The individual chapters are all punctuated by romantic Italian love songs, which Ozon has said he chose for their "over-the-top sentimentality" and in order to offset the darkness of some of the scenes in the film. Ozon has also said that the backward structure of the story was in part inspired by Jane Campion's 1986 film Two Friends, and that it allowed for "a true, lucid reading of a couple's story".

==Cast==
- Valeria Bruni Tedeschi as Marion
- Stéphane Freiss as Gilles
- Géraldine Pailhas as Valérie
- Françoise Fabian as Monique
- Michael Lonsdale as Bernard
- Antoine Chappey as Christophe Ferrond
- Marc Ruchmann as Mathieu

==Production==
Stéphane Freiss said the hotel rape sequence with Valeria Bruni Tedeschi was 'pretty hardcore', explaining that in the screenplay this scene was only a few lines long (it said 'they make love') and revealing that after filming François Ozon said to the actors he wasn't expecting them to give so much.

== Reception ==
The film holds a 65% approval rating on review aggregator Rotten Tomatoes, based on 68 critic reviews.
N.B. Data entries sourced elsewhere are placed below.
text \<open>The polytope of part (b) for \<open>u = t z\<close>; the coordinate k plays the role of n.\<close>
definition cross_cones_Int :: "'n::finite \<Rightarrow> real^'n \<Rightarrow> (real^'n) set" where
  "cross_cones_Int k u =
     ((+) (axis k 1) ` nonneg_comb ((\<lambda>y. y - axis k 1) ` cross_polytope))
     \<inter> ((+) (u - axis k 1) ` nonneg_comb ((\<lambda>y. y + axis k 1) ` cross_polytope))"

lemma mem_cross_cones_Int:
  "x \<in> cross_cones_Int k u \<longleftrightarrow>
     x $ k + l1_norm_except k x \<le> 1 \<and> u $ k - x $ k + l1_norm_except k (x - u) \<le> 1"
proof -
  have "l1_norm_except k (x - axis k 1) = l1_norm_except k x"
    "l1_norm_except k (x - (u - axis k 1)) = l1_norm_except k (x - u)"
    by (auto intro: l1_norm_except_cong simp: axis_def)
  then show ?thesis
    unfolding cross_cones_Int_def image_add_eq nonneg_comb_cross_polytope_minus_axis
      nonneg_comb_cross_polytope_plus_axis
    by (simp add: axis_def, arith)
qed

definition cross_zonotope_map :: "'n::finite \<Rightarrow> real^'n \<Rightarrow> real^'n \<Rightarrow> real^'n" where
  "cross_zonotope_map k u \<mu> = (\<Sum>j\<in>-{k}. \<mu> $ j *\<^sub>R (u $ j *\<^sub>R axis j 1 - \<bar>u $ j\<bar> *\<^sub>R axis k 1))"

definition cross_zonotope :: "'n::finite \<Rightarrow> real^'n \<Rightarrow> (real^'n) set" where
  "cross_zonotope k u = cross_zonotope_map k u ` cbox 0 1"

lemma cross_zonotope_map_nth:
  "cross_zonotope_map k u \<mu> $ i = (if i = k then - (\<Sum>j\<in>-{k}. \<mu> $ j * \<bar>u $ j\<bar>) else \<mu> $ i * u $ i)"
proof -
  have "cross_zonotope_map k u \<mu> $ i
      = (\<Sum>j\<in>-{k}. (if j = i then \<mu> $ j * u $ j else 0) - (if i = k then \<mu> $ j * \<bar>u $ j\<bar> else 0))"
    unfolding cross_zonotope_map_def sum_component by (intro sum.cong) (auto simp: axis_def)
  then show ?thesis by (simp add: sum_subtractf sum.delta)
qed

lemma l1_norm_except_cross_zonotope_map:
  assumes "\<mu> \<in> cbox 0 1"
  shows "l1_norm_except k (cross_zonotope_map k u \<mu>) = (\<Sum>j\<in>-{k}. \<mu> $ j * \<bar>u $ j\<bar>)"
    and "l1_norm_except k (cross_zonotope_map k u \<mu> - u) = l1_norm_except k u - (\<Sum>j\<in>-{k}. \<mu> $ j * \<bar>u $ j\<bar>)"
proof -
  have \<mu>01: "0 \<le> \<mu> $ j" "\<mu> $ j \<le> 1" for j using assms by (auto simp: mem_box_cart)
  show "l1_norm_except k (cross_zonotope_map k u \<mu>) = (\<Sum>j\<in>-{k}. \<mu> $ j * \<bar>u $ j\<bar>)"
    unfolding l1_norm_except_def by (intro sum.cong) (auto simp: cross_zonotope_map_nth abs_mult \<mu>01)
  have "\<bar>\<mu> $ j * u $ j - u $ j\<bar> = \<bar>u $ j\<bar> - \<mu> $ j * \<bar>u $ j\<bar>" for j
  proof -
    have "\<bar>\<mu> $ j * u $ j - u $ j\<bar> = \<bar>\<mu> $ j - 1\<bar> * \<bar>u $ j\<bar>" by (metis abs_mult left_diff_distrib' mult_1)
    then show ?thesis using \<mu>01[of j] by (simp add: abs_of_nonpos left_diff_distrib)
  qed
  then show "l1_norm_except k (cross_zonotope_map k u \<mu> - u) = l1_norm_except k u - (\<Sum>j\<in>-{k}. \<mu> $ j * \<bar>u $ j\<bar>)"
    unfolding l1_norm_except_def sum_subtractf[symmetric] by (intro sum.cong) (auto simp: cross_zonotope_map_nth)
qed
The website's critics consensus reads, "Five scenes from a marriage, deftly and poignantly presented." Metacritic, which uses a weighted average, gave the film a score of 62/100 based on 24 critics, indicating "generally favorable" reviews.

Peter Bradshaw of The Guardian called it "a shrewd, compassionate and quite brilliant essay in the secret theatre of relationships."